Update: I was off with my first post, except for the actions of the lowest 202 pirates were they to remain. Your solution is absolutely correct to the smallest detail, and my numbering scheme was just the reverse of yours. The very first pirate, incidentally, loses his head with 136 votes out of 300 (the 35 below him attempting to save themselves by supporting him).

Just to make the reasoning for this explicit, I will continue numbering the oldest first and explain the entire process.

Down to just 299 and 300, 299 would take everything.

298 will offer 300 1 coin and 299 nothing.

297 will offer 299 1 coin and the others nothing.

296 will offer 298 and 300 1 coin.

295 will offer 297 and 299 1 coin.

And so on. In general, odd numbers will give 1 coin to all odd numbers and even numbers will give 1 coin to all even numbers, until they run out of coins.

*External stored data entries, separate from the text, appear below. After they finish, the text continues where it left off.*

text \<open>
As neuron i is \<gamma> times neuron i', replacing columns i and i' of the output matrix by w and
by column i' + \<gamma> (column i - w) keeps the function; for suitable w, fewer columns vanish.
\<close>

lemma proportional_neurons_not_hpnn_unique:
  assumes d: "length d \<ge> 2" and lA: "length A = length d - 1"
  defines "m \<equiv> length d - 2"
  assumes out: "0 < d ! Suc m"
    and i: "i < d ! m" "i' < d ! m" "i \<noteq> i'" and \<gamma>: "\<gamma> \<noteq> 0"
    and proportional: "\<And>x. pnn_prefix d r A (zero_biases d) m x i
                         = \<gamma> * pnn_prefix d r A (zero_biases d) m x i'"
  shows "\<not> hpnn_unique d r A"
proof
  assume uniq: "hpnn_unique d r A"
  define s where "s k = (A ! m) k i' + \<gamma> * (A ! m) k i" for k
  define M where "M w = (\<lambda>k j. if j = i then w k
      else if j = i' then s k - \<gamma> * w k else (A ! m) k j)"
    for w :: "nat \<Rightarrow> real"
  define Z where "Z N = zero_columns (d ! Suc m) (d ! m) N" for N
  have same_output: "(\<Sum>j<d ! m. M w k j * pnn_prefix d r A (zero_biases d) m x j)
      = (\<Sum>j<d ! m. (A ! m) k j * pnn_prefix d r A (zero_biases d) m x j)" for w k x
  proof -
    let ?v = "pnn_prefix d r A (zero_biases d) m x"
    have "(\<Sum>j<d ! m. M w k j * ?v j) = (\<Sum>j<d ! m. (A ! m) k j * ?v j
        + (if j = i then (w k - (A ! m) k i) * ?v i else 0)
        + (if j = i' then (s k - \<gamma> * w k - (A ! m) k i') * ?v i' else 0))"
      using i by (intro sum.cong) (auto simp: M_def algebra_simps)
    also have "\<dots> = (\<Sum>j<d ! m. (A ! m) k j * ?v j)"
      using i proportional[of x] by (simp add: sum.distrib s_def algebra_simps)
    finally show ?thesis .
  qed
  have card_Z: "card (Z (M w)) = card (Z (A ! m))" for w
    using hpnn_unique_zero_columns_last[OF d lA uniq] same_output unfolding Z_def m_def by blast
  define a where "a = \<bar>s 0 / \<gamma>\<bar> + 1"
  have "a \<noteq> 0" using abs_ge_zero[of "s 0 / \<gamma>"] unfolding a_def by linarith
  moreover have "s 0 - \<gamma> * a \<noteq> 0"
  proof
    assume "s 0 - \<gamma> * a = 0"
    then have "s 0 / \<gamma> = a" using \<gamma> by (simp add: field_simps)
    then show False unfolding a_def by linarith
  qed
  ultimately have "Z (M (\<lambda>k. if k = 0 then a else 0)) \<subseteq> Z (M (\<lambda>_. 0)) - {i}"
    using out unfolding Z_def zero_columns_def M_def by auto
  moreover have "i \<in> Z (M (\<lambda>_. 0))"
    using i unfolding Z_def zero_columns_def M_def by auto
  ultimately have "card (Z (M (\<lambda>k. if k = 0 then a else 0))) < card (Z (M (\<lambda>_. 0)))"
    by (intro psubset_card_mono) (auto simp: Z_def zero_columns_def)
  then show False using card_Z by simp
qed

lemma hpnn_unique_no_outputs_weights_zero:
  assumes no_outputs: "d ! (length d - 1) = 0" and uniq: "hpnn_unique d r A"
    and k: "k < length d - 1" and ij: "i < d ! Suc k" "j < d ! k"
  shows "(A ! k) i j = 0"
proof -
  let ?N = "replicate (length d - 1) (\<lambda>_ _. 0)"
  have "hpnn_eval d r ?N x = hpnn_eval d r A x" for x
    using k no_outputs by (simp add: fun_eq_iff hpnn_eval_last_layer)
  then obtain \<pi> c where "hpnn_equiv_witness d r A ?N \<pi> c"
    by (elim hpnn_uniqueE[OF uniq, rotated]) auto
  from hpnn_equiv_witness.weight_eq[OF this k ij]
    hpnn_equiv_witness.scale_nonzero[OF this, of "Suc k" i]
    hpnn_equiv_witness.scale_pow_nonzero[OF this, of k j]
  show ?thesis using k ij by simp
qed

section \<open>The augmented network\<close>

lemma length_aug_arch [simp]: "d \<noteq> [] \<Longrightarrow> length (aug_arch d) = length d"
  by (simp add: aug_arch_def)

lemma aug_arch_nth: "k < length d - 1 \<Longrightarrow> aug_arch d ! k = Suc (d ! k)"
  by (simp add: aug_arch_def nth_append nth_butlast)

lemma aug_arch_last: "d \<noteq> [] \<Longrightarrow> aug_arch d ! (length d - 1) = d ! (length d - 1)"
  by (simp add: aug_arch_def nth_append last_conv_nth)

lemma length_aug_weights [simp]: "length (aug_weights d W b) = length d - 1"
  by (simp add: aug_weights_def)

lemma aug_weights_nth:
  "k < length d - 1 \<Longrightarrow> aug_weights d W b ! k = (\<lambda>i j.
      if i < d ! Suc k then
        (if j < d ! k then (W ! k) i j else if j = d ! k then (b ! k) i else 0)
      else if Suc k < length d - 1 \<and> i = d ! Suc k \<and> j = d ! k then 1 else 0)"
  unfolding aug_weights_def by (simp only: nth_map length_upt nth_upt add_0 diff_zero)

lemma sum_aug_row:
  assumes "k < length d - 1" "i < d ! Suc k"
  shows "(\<Sum>j<Suc (d ! k). (aug_weights d W b ! k) i j * v j)
       = (\<Sum>j<d ! k. (W ! k) i j * v j) + (b ! k) i * v (d ! k)"
  using assms by (simp add: aug_weights_nth)

lemma sum_aug_const_row:
  assumes "Suc k < length d - 1"
  shows "(\<Sum>j<Suc (d ! k). (aug_weights d W b ! k) (d ! Suc k) j * v j) = v (d ! k)"
  using assms by (simp add: aug_weights_nth)

abbreviation aug_prefix where
  "aug_prefix d r W b \<equiv> pnn_prefix (aug_arch d) r (aug_weights d W b) (zero_biases (aug_arch d))"

lemma layer_apply_aug_const:
  assumes "Suc k < length d - 1"
  shows "layer_apply (aug_arch d) r (aug_weights d W b) (zero_biases (aug_arch d)) k v (d ! Suc k)
       = v (d ! k) ^ (r ! k)"
proof -
  have "d \<noteq> []" using assms by auto
  then show ?thesis
    using assms sum_aug_const_row[OF assms]
    by (simp add: layer_apply_hidden aug_arch_nth del: sum.lessThan_Suc)
qed

lemma layer_apply_aug_scaled:
  assumes k: "k < length d - 1" and i: "i < d ! Suc k"
    and scaled: "\<And>j. j < d ! k \<Longrightarrow> v j = s * w j" and const: "v (d ! k) = s"
  shows "layer_apply (aug_arch d) r (aug_weights d W b) (zero_biases (aug_arch d)) k v i
       = (if Suc k < length d - 1 then s ^ (r ! k) else s) * layer_apply d r W b k w i"
proof -
  have d: "d \<noteq> []" using k by auto
  have "(\<Sum>j<d ! k. (W ! k) i j * v j) = s * (\<Sum>j<d ! k. (W ! k) i j * w j)"
    unfolding sum_distrib_left using scaled by (intro sum.cong) simp_all
  then have "(\<Sum>j<Suc (d ! k). (aug_weights d W b ! k) i j * v j)
      = s * ((\<Sum>j<d ! k. (W ! k) i j * w j) + (b ! k) i)"
    using sum_aug_row[OF k i] const by (simp add: algebra_simps del: sum.lessThan_Suc)
  moreover have "aug_arch d ! k = Suc (d ! k)" using k by (rule aug_arch_nth)
  moreover have "i < aug_arch d ! Suc k"
  proof (cases "Suc k < length d - 1")
    case False
    then have "Suc k = length d - 1" using k by simp
    then show ?thesis using i aug_arch_last[OF d] by simp
  qed (use i aug_arch_nth[of "Suc k" d] in simp)
  ultimately show ?thesis
    using k i d
    by (cases "Suc k < length d - 1")
       (simp_all add: layer_apply_hidden layer_apply_output power_mult_distrib
         del: sum.lessThan_Suc)
qed

lemma aug_prefix_const:
  "k < length d - 1 \<Longrightarrow> aug_prefix d r W b k x (d ! k) = x (d ! 0) ^ (\<Prod>l<k. r ! l)"
  by (induction k) (simp_all add: pnn_prefix_Suc layer_apply_aug_const power_mult)

lemma aug_prefix_homogeneous:
  assumes t: "x (d ! 0) \<noteq> 0"
  shows "k < length d - 1 \<Longrightarrow> i < d ! k \<Longrightarrow>
    aug_prefix d r W b k x i
      = x (d ! 0) ^ (\<Prod>l<k. r ! l) * pnn_prefix d r W b k (\<lambda>j. x j / x (d ! 0)) i"
proof (induction k arbitrary: i)
  case 0
  then show ?case using t by simp
next
  case (Suc k)
  then show ?case
    by (simp add: pnn_prefix_Suc layer_apply_aug_scaled aug_prefix_const power_mult)
qed

lemma hpnn_aug_eval_homogeneous:
  assumes d: "length d \<ge> 2" and t: "x (d ! 0) \<noteq> 0"
  shows "hpnn_eval (aug_arch d) r (aug_weights d W b) x i
       = x (d ! 0) ^ (\<Prod>l<length d - 2. r ! l) * pnn_eval d r W b (\<lambda>j. x j / x (d ! 0)) i"
proof -
  define m where "m = length d - 2"
  have "d \<noteq> []" and L: "length d - 1 = Suc m" using d unfolding m_def by auto
  then have "length (aug_arch d) - 1 = Suc m" "aug_arch d ! Suc m = d ! Suc m"
    using aug_arch_last[of d] by auto
  then show ?thesis
    unfolding hpnn_eval_eq_prefix pnn_eval_eq_prefix L m_def[symmetric]
    using L t
    by (cases "i < d ! Suc m")
       (simp_all add: pnn_prefix_Suc layer_apply_aug_scaled aug_prefix_const aug_prefix_homogeneous
         layer_apply_outside)
qed

lemma hpnn_aug_eval_eqI:
  assumes d: "length d \<ge> 2" and same: "\<And>x. pnn_eval d r W' b' x = pnn_eval d r W b x"
  shows "hpnn_eval (aug_arch d) r (aug_weights d W' b') x
       = hpnn_eval (aug_arch d) r (aug_weights d W b) x"
proof -
  have affine: "hpnn_eval (aug_arch d) r (aug_weights d W' b') y
              = hpnn_eval (aug_arch d) r (aug_weights d W b) y"
    if "y (d ! 0) \<noteq> 0" for y
    using that by (simp add: fun_eq_iff hpnn_aug_eval_homogeneous[OF d] same)
  show ?thesis
  proof (cases "x (d ! 0) = 0")
    case True
    define X where "X n = x(d ! 0 := 1 / real (Suc n))" for n
    have "(\<lambda>n. X n j) \<longlonglongrightarrow> x j" for j
      using True LIMSEQ_Suc[OF lim_inverse_n']
      by (cases "j = d ! 0") (simp_all add: X_def divide_inverse)
    then have lim: "(\<lambda>n. hpnn_eval (aug_arch d) r A (X n) i) \<longlonglongrightarrow> hpnn_eval (aug_arch d) r A x i"
      for A i
      unfolding hpnn_eval_eq_prefix by (rule pnn_prefix_tendsto)
    have "hpnn_eval (aug_arch d) r (aug_weights d W' b') (X n)
        = hpnn_eval (aug_arch d) r (aug_weights d W b) (X n)" for n
      by (rule affine) (simp add: X_def)
    then have "(\<lambda>n. hpnn_eval (aug_arch d) r (aug_weights d W b) (X n) i)
        \<longlonglongrightarrow> hpnn_eval (aug_arch d) r (aug_weights d W' b') x i" for i
      using lim[of "aug_weights d W' b'" i] by simp
    then show ?thesis
      using lim[of "aug_weights d W b"] LIMSEQ_unique by blast
  qed (rule affine)
qed

locale aug_hpnn_equiv_witness =
  hpnn_equiv_witness "aug_arch d" r "aug_weights d W b" "aug_weights d W' b'" \<pi> c
  for d r W b W' b' \<pi> c +
  assumes two_layers: "length d \<ge> 2"
    and unique: "hpnn_unique (aug_arch d) r (aug_weights d W b)"
begin

lemma nonempty: "d \<noteq> []"
  using two_layers by auto

lemma length_aug [simp]: "length (aug_arch d) = length d"
  using nonempty by simp

lemma aug_last: "aug_arch d ! (length d - 1) = d ! (length d - 1)"
  using nonempty by (rule aug_arch_last)

lemma const_neuron_preimage:
  assumes l: "l < length d - 1" and i: "i < aug_arch d ! l" "\<pi> l i = d ! l"
  shows "aug_prefix d r W b l x i = aug_prefix d r W b l x (d ! l) / scale_pow l i"
proof -
  have "scale_pow l i * aug_prefix d r W b l x i = aug_prefix d r W' b' l x (d ! l)"
    using prefix_eq[of l i x] l i by simp
  also have "\<dots> = aug_prefix d r W b l x (d ! l)"
    using l by (simp add: aug_prefix_const)
  finally show ?thesis
    using scale_pow_nonzero[of l i] l i by (simp add: field_simps)
qed

lemma perm_fixes_const_top: "\<pi> (length d - 2) (d ! (length d - 2)) = d ! (length d - 2)"
proof (rule ccontr)
  define m where "m = length d - 2"
  assume not_fixed: "\<pi> (length d - 2) (d ! (length d - 2)) \<noteq> d ! (length d - 2)"
  then have "m \<noteq> 0" using perm_first unfolding m_def by auto
  then have m: "0 < m" "m < length d - 1" "Suc m = length d - 1"
    using two_layers unfolding m_def by auto
  have "d ! m \<in> \<pi> m ` {..<aug_arch d ! m}"
    using perm_bij[of m] m aug_arch_nth[of m d] unfolding bij_betw_def by auto
  then obtain i where i: "i < aug_arch d ! m" "\<pi> m i = d ! m" by auto
  with not_fixed have "i \<noteq> d ! m" unfolding m_def by auto
  show False
  proof (cases "d ! Suc m = 0")
    case True
    \<comment> \<open>without outputs all networks agree, so uniqueness forces all weights to vanish\<close>
    have "(aug_weights d W b ! 0) (d ! 1) (d ! 0) = 0"
      using True m aug_last aug_arch_nth[of 0 d] aug_arch_nth[of 1 d]
      by (intro hpnn_unique_no_outputs_weights_zero[OF _ unique]) simp_all
    then show False using m by (simp add: aug_weights_nth)
  next
    case False
    have "\<not> hpnn_unique (aug_arch d) r (aug_weights d W b)"
    proof (rule proportional_neurons_not_hpnn_unique)
      show "aug_prefix d r W b (length (aug_arch d) - 2) x i
          = 1 / scale_pow m i * aug_prefix d r W b (length (aug_arch d) - 2) x (d ! m)" for x
        using const_neuron_preimage[OF m(2) i] by (simp add: m_def)
    qed (use False m i \<open>i \<noteq> d ! m\<close> scale_pow_nonzero[of m i] aug_arch_nth[of m d] aug_last
         in \<open>simp_all add: m_def\<close>)
    then show False using unique by simp
  qed
qed

lemma perm_fixes_const_step:
  assumes l: "Suc l < length d - 1" and fixed: "\<pi> (Suc l) (d ! Suc l) = d ! Suc l"
  shows "\<pi> l (d ! l) = d ! l"
proof -
  have sizes: "aug_arch d ! Suc l = Suc (d ! Suc l)" "aug_arch d ! l = Suc (d ! l)"
    using l aug_arch_nth by auto
  have "(aug_weights d W' b' ! l) (d ! Suc l) (\<pi> l (d ! l))
      = c (Suc l) (d ! Suc l) / scale_pow l (d ! l)"
    using weight_eq[of l "d ! Suc l" "d ! l"] fixed l sizes by (simp add: aug_weights_nth)
  also have "\<dots> \<noteq> 0"
    using scale_nonzero[of "Suc l" "d ! Suc l"] scale_pow_nonzero[of l "d ! l"] l sizes by simp
  finally show ?thesis
    using l by (simp add: aug_weights_nth split: if_splits)
qed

The pattern does indeed become interesting after number 100 has to give away everything to keep his head. He survives, and so does 99, with 101 votes out of 201 and 202. 99 pays 100, but besides that the pattern is the same.

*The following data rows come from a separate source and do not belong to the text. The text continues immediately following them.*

lemma identric_powr_bounds_of_mean_ratios:
  fixes a g a' g' :: real
  assumes "0 < g" "g < a" "a \<le> g'" "g' < a'" "a' / g' < a / g" "a' - g' < a - g"
  shows "a' / g' < (a' / g') powr ((identric a' g' / identric a g) * ((a - g) / (a' - g')))
     \<and> (a' / g') powr ((identric a' g' / identric a g) * ((a - g) / (a' - g'))) < a / g"
proof -
  define r r' I I' E where "r = a / g" and "r' = a' / g'" and "I = identric a g"
    and "I' = identric a' g'" and "E = (I' / I) * ((a - g) / (a' - g'))"
  have r': "1 < r'" and "r' < r" using assms by (auto simp: r_def r'_def)
  then have r: "1 < r" by simp
  have "0 < I" "I < a" using identric_bounds[of g a] assms by (auto simp: I_def)
  moreover have "g' < I'" using identric_bounds[of g' a'] assms by (simp add: I'_def)
  ultimately have "1 < I' / I" using assms by simp
  moreover have "1 < (a - g) / (a' - g')" using assms by simp
  ultimately have E: "1 < E" unfolding E_def by (rule less_1_mult)
  have L: "a - g = log_mean a g * ln r" "a' - g' = log_mean a' g' * ln r'"
    using r r' by (simp_all add: log_mean_def r_def r'_def)
  have "0 < log_mean a g" "0 < log_mean a' g'"
    using log_mean_bounds(1)[of g a] log_mean_bounds(1)[of g' a'] assms by auto
  moreover have "I' / log_mean a' g' < I / log_mean a g"
    using identric_div_log_mean_less[of g a g' a'] assms by (simp add: I_def I'_def)
  ultimately have "I' * log_mean a g < I * log_mean a' g'"
    by (simp add: divide_less_eq less_divide_eq field_simps)
  \<comment> \<open>by L, E * ln r' = (I' / log_mean a' g') / (I / log_mean a g) * ln r\<close>
  then have "E * ln r' < ln r"
    using r r' \<open>0 < I\<close> \<open>0 < log_mean a' g'\<close> by (simp add: E_def L field_simps)
  then have "r' powr E < r"
    using r r' by (simp add: ln_less_cancel_iff[symmetric] del: ln_less_cancel_iff)
  moreover have "r' < r' powr E" using powr_less_mono[OF E r'] r' by simp
  ultimately show ?thesis unfolding r_def r'_def E_def I_def I'_def by simp
qed

lemma log_mean_ratio_eq:
  "((1 / (a' - g')) * ln (a' / g')) / ((1 / (a - g)) * ln (a / g))
    = log_mean a g / log_mean a' g'"
  by (simp add: log_mean_def ac_simps)

lemma mult_div_less_log_mean_ratio_sq:
  fixes a g a' g' :: real
  assumes "0 < g" "g < a" "0 < g'" "g' < a'" "a' / g' < a / g"
  shows "(a * g) / (a' * g') < (log_mean a g / log_mean a' g')^2"
proof -
  have "0 < log_mean a g" "0 < log_mean a' g'"
    using log_mean_bounds(1)[of g a] log_mean_bounds(1)[of g' a'] assms by auto
  moreover have "(log_mean a' g')^2 / (a' * g') < (log_mean a g)^2 / (a * g)"
    using log_mean_sq_div_mult_less assms by blast
  ultimately show ?thesis
    using assms by (simp add: power_divide divide_less_eq less_divide_eq field_simps)
qed

lemma log_mean_ratio_bounds:
  fixes a g a' g' :: real and n :: nat
  assumes "0 < g" "g < a" "a \<le> g'" "g' < a'" "a' / g' < a / g" "1 \<le> n"
  shows "(a * g) / (a' * g') <
       min ((((1 / (a' - g')) * ln (a' / g')) / ((1 / (a - g)) * ln (a / g)))\<^sup>2)
           ((((1 / (a' ^ n - g' ^ n)) * ln (a' ^ n / g' ^ n))
              / ((1 / (a ^ n - g ^ n)) * ln (a ^ n / g ^ n))) powr (2 / real n))
     \<and> min ((((1 / (a' - g')) * ln (a' / g')) / ((1 / (a - g)) * ln (a / g)))\<^sup>2)
           ((((1 / (a' ^ n - g' ^ n)) * ln (a' ^ n / g' ^ n))
              / ((1 / (a ^ n - g ^ n)) * ln (a ^ n / g ^ n))) powr (2 / real n)) < 1"
proof -
  define c Q Qn where "c = (a * g) / (a' * g')"
    and "Q = log_mean a g / log_mean a' g'"
    and "Qn = log_mean (a ^ n) (g ^ n) / log_mean (a' ^ n) (g' ^ n)"
  have pos: "0 < g'" "0 < a" "0 < a'" using assms by auto
  have "c < Q^2"
    using mult_div_less_log_mean_ratio_sq[of g a g' a'] assms by (simp add: c_def Q_def)
  moreover have "c < Qn powr (2 / n)"
  proof -
    have pow: "0 < g ^ n" "g ^ n < a ^ n" "0 < g' ^ n" "g' ^ n < a' ^ n"
      "a' ^ n / g' ^ n < a ^ n / g ^ n"
      using assms pos by (auto simp: power_strict_mono power_divide[symmetric])
    from mult_div_less_log_mean_ratio_sq[OF pow]
    have "c ^ n < Qn ^ 2" by (simp add: c_def Qn_def power_divide power_mult_distrib)
    moreover have "0 < Qn"
      using log_mean_bounds(1)[OF pow(1,2)] log_mean_bounds(1)[OF pow(3,4)] pow
      unfolding Qn_def by (intro divide_pos_pos) linarith+
    moreover have "0 < c" using pos assms by (simp add: c_def)
    ultimately have "(c powr n) powr (1 / n) < (Qn powr 2) powr (1 / n)"
      using assms(6) by (intro powr_less_mono2) (auto simp: powr_realpow)
    then show ?thesis using assms(6) \<open>0 < c\<close> by (simp add: powr_powr)
  qed
  moreover have "Q < 1" "0 < Q"
    using log_mean_bounds(2)[of g a] log_mean_bounds(1)[of g a] log_mean_bounds(1)[of g' a'] assms
    by (auto simp: Q_def)
  then have "Q^2 < 1" by (simp add: power_less_one_iff)
  ultimately show ?thesis
    unfolding log_mean_ratio_eq c_def[symmetric] Q_def[symmetric] Qn_def[symmetric] by simp
qed

theorem theorem4p3:
  fixes n :: nat and x :: "nat \<Rightarrow> real"
  assumes "n \<ge> 1"
    and "\<forall>i<n. 0 < x i \<and> x i \<le> 1/2"
    and "\<exists>i<n. \<exists>j<n. x i \<noteq> x j"
  defines "A \<equiv> AM n x" and "G \<equiv> GM n x" and "A' \<equiv> AM' n x" and "G' \<equiv> GM' n x"
  shows
    "(A' / G' < (A / G) powr (((A + G) / (A' + G')) * ((A' - G') / (A - G)))
     \<and> (A / G) powr (((A + G) / (A' + G')) * ((A' - G') / (A - G)))
         < min ((A / G) powr ((A + G) / (A' + G'))) ((A / G) powr ((A' - G') / (A - G)))
     \<and> min ((A / G) powr ((A + G) / (A' + G'))) ((A / G) powr ((A' - G') / (A - G))) < A / G)
     \<and> (A' / G' < (A' / G') powr ((identric A' G' / identric A G) * ((A - G) / (A' - G')))
     \<and> (A' / G') powr ((identric A' G' / identric A G) * ((A - G) / (A' - G'))) < A / G)
     \<and> ((A * G) / (A' * G') <
       min ((((1 / (A' - G')) * ln (A' / G')) / ((1 / (A - G)) * ln (A / G)))\<^sup>2)
           ((((1 / (A' ^ n - G' ^ n)) * ln (A' ^ n / G' ^ n))
              / ((1 / (A ^ n - G ^ n)) * ln (A ^ n / G ^ n))) powr (2 / real n))
     \<and> min ((((1 / (A' - G')) * ln (A' / G')) / ((1 / (A - G)) * ln (A / G)))\<^sup>2)
           ((((1 / (A' ^ n - G' ^ n)) * ln (A' ^ n / G' ^ n))
              / ((1 / (A ^ n - G ^ n)) * ln (A ^ n / G ^ n))) powr (2 / real n)) < 1)"
proof -
  have n: "n \<noteq> 0" using assms(1) by simp
  have pos: "\<forall>i<n. 0 < x i" and pos': "\<forall>i<n. 0 < 1 - x i" and half': "\<forall>i<n. 1/2 \<le> 1 - x i"
    using assms(2) by auto
  have nonconst': "\<exists>i<n. \<exists>j<n. 1 - x i \<noteq> 1 - x j" using assms(3) by auto
  have A': "A' = AM n (\<lambda>i. 1 - x i)" and G': "G' = GM n (\<lambda>i. 1 - x i)"
    by (simp_all add: A'_def G'_def AM'_def GM'_def AM_def GM_def)
  have "0 < G" "G < A" using GM_pos[OF pos] GM_lt_AM[OF pos assms(3)] by (simp_all add: A_def G_def)
  moreover have "A \<le> G'"
    using AM_mono[of n x "\<lambda>_. 1/2"] AM_const[OF n] GM_ge[OF n _ half'] assms(2)
    by (simp add: A_def G')
  moreover have "G' < A'" using GM_lt_AM[OF pos' nonconst'] by (simp add: A' G')
  moreover have "A' / G' < A / G"
    using AM_GM_ratio_one_minus_less[OF assms(2,3)] by (simp add: A_def G_def A' G')
  moreover have "A' - G' < A - G"
    using AM_GM_gap_one_minus_less[OF assms(2,3)] by (simp add: A_def G_def A' G')
  ultimately show ?thesis
    using powr_bounds_of_mean_ratios identric_powr_bounds_of_mean_ratios
      log_mean_ratio_bounds[OF _ _ _ _ _ assms(1)]
    by blast
qed

end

98 is killed paying 99 and even numbers because 101 votes is no longer enough. This means that the pirates need votes for free. As I overlooked originally, they will get free votes because those who know they will otherwise die will vote for them.

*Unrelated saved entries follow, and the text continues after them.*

(* Let $\alpha\in(0,1]$ and $T\in\mathcal{B}_1(\mathbb{D})$. If there exists a Hermitian holomorphic line bundle $\mathcal{E}$ over $\mathbb{D}$ such that $\mathcal{E}_T$ is unitarily equivalent to $\mathcal{E}_{D_\alpha^*}\otimes\mathcal{E}$, then $T$ is similar to $D_\alpha^*$ if and only if $\mathcal{E}_{D_\alpha^*}\otimes\mathcal{E}$ is similar to $\mathcal{E}_{D_\alpha^*}$.
   Context: $\mathcal{B}_1(\mathbb{D})$ is the rank-one Cowen–Douglas class on the unit disk $\mathbb{D}$, with eigenvector line bundle $\mathcal{E}_T$ of fibres $\ker(T-w)$. $\mathcal{D}_\alpha$ is the weighted Dirichlet space of holomorphic $f=\sum\hat f(n)z^n$ with $\|f\|^2=\sum(n+1)^\alpha|\hat f(n)|^2$, $D_\alpha^*$ the adjoint of multiplication by $z$, and $\mathcal{E}_{D_\alpha^*}$ its eigenvector bundle. Tensor product of bundles has fibres $\mathcal{E}_1(w)\otimes\mathcal{E}_2(w)$. Unitary equivalence (resp. similarity) of bundles $\mathcal{E},\mathcal{F}$ means a unitary (resp. bounded invertible) operator $X$ between the closed spans of their fibres with $X(\mathcal{F}(w))=\mathcal{E}(w)$ for all $w$. *)

theory Defs
  imports "HOL-Analysis.Analysis"
begin

text \<open>All Hilbert spaces are realised as weighted l2 spaces over a countable index type:
  vectors are functions i => complex, inner product sum of beta(i) f(i) conj(g(i)).\<close>

definition wl2 :: "('i \<Rightarrow> real) \<Rightarrow> ('i \<Rightarrow> complex) set" where
  "wl2 \<beta> = {f. (\<lambda>i. \<beta> i * (cmod (f i))\<^sup>2) summable_on UNIV}"

definition winner :: "('i \<Rightarrow> real) \<Rightarrow> ('i \<Rightarrow> complex) \<Rightarrow> ('i \<Rightarrow> complex) \<Rightarrow> complex" where
  "winner \<beta> f g = (\<Sum>\<^sub>\<infinity>i. complex_of_real (\<beta> i) * f i * cnj (g i))"

definition wnorm :: "('i \<Rightarrow> real) \<Rightarrow> ('i \<Rightarrow> complex) \<Rightarrow> real" where
  "wnorm \<beta> f = sqrt (\<Sum>\<^sub>\<infinity>i. \<beta> i * (cmod (f i))\<^sup>2)"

For example, 98 votes for 97 without being paid, and 97 survives with 102 votes out of 204 (97 pays who 98 would have).

96, 95 and 94 are killed, but with their support 93 makes 104 votes out of 208 (he pays 97, 98, 101 and odd numbers to 295).

92 to 86 are all killed, but with their support 85 makes 108 votes out of 216 (he pays 93 to 96, 99 and even numbers to 288).

84 to 70 are all killed, but with their support 69 makes 116 out of 232 votes (he pays 85 to 92, 97, 98, 101 and odd numbers to 279).

68 to 38 are all killed, and 37 is the final survivor who with their support makes 132 votes out of 264, and pays 69 to 84, 93 to 96, 99 and even numbers to 258.

I think we see that the pattern is that the number of free votes required keeps doubling. First 1, then 2, then 4, then 8, then 16, then 32 votes were required after the 100 coins were spent. It is clear enough that if there had been at least 28 more pirates, number 1 could have made a 164 out of 328 majority, confirming this pattern.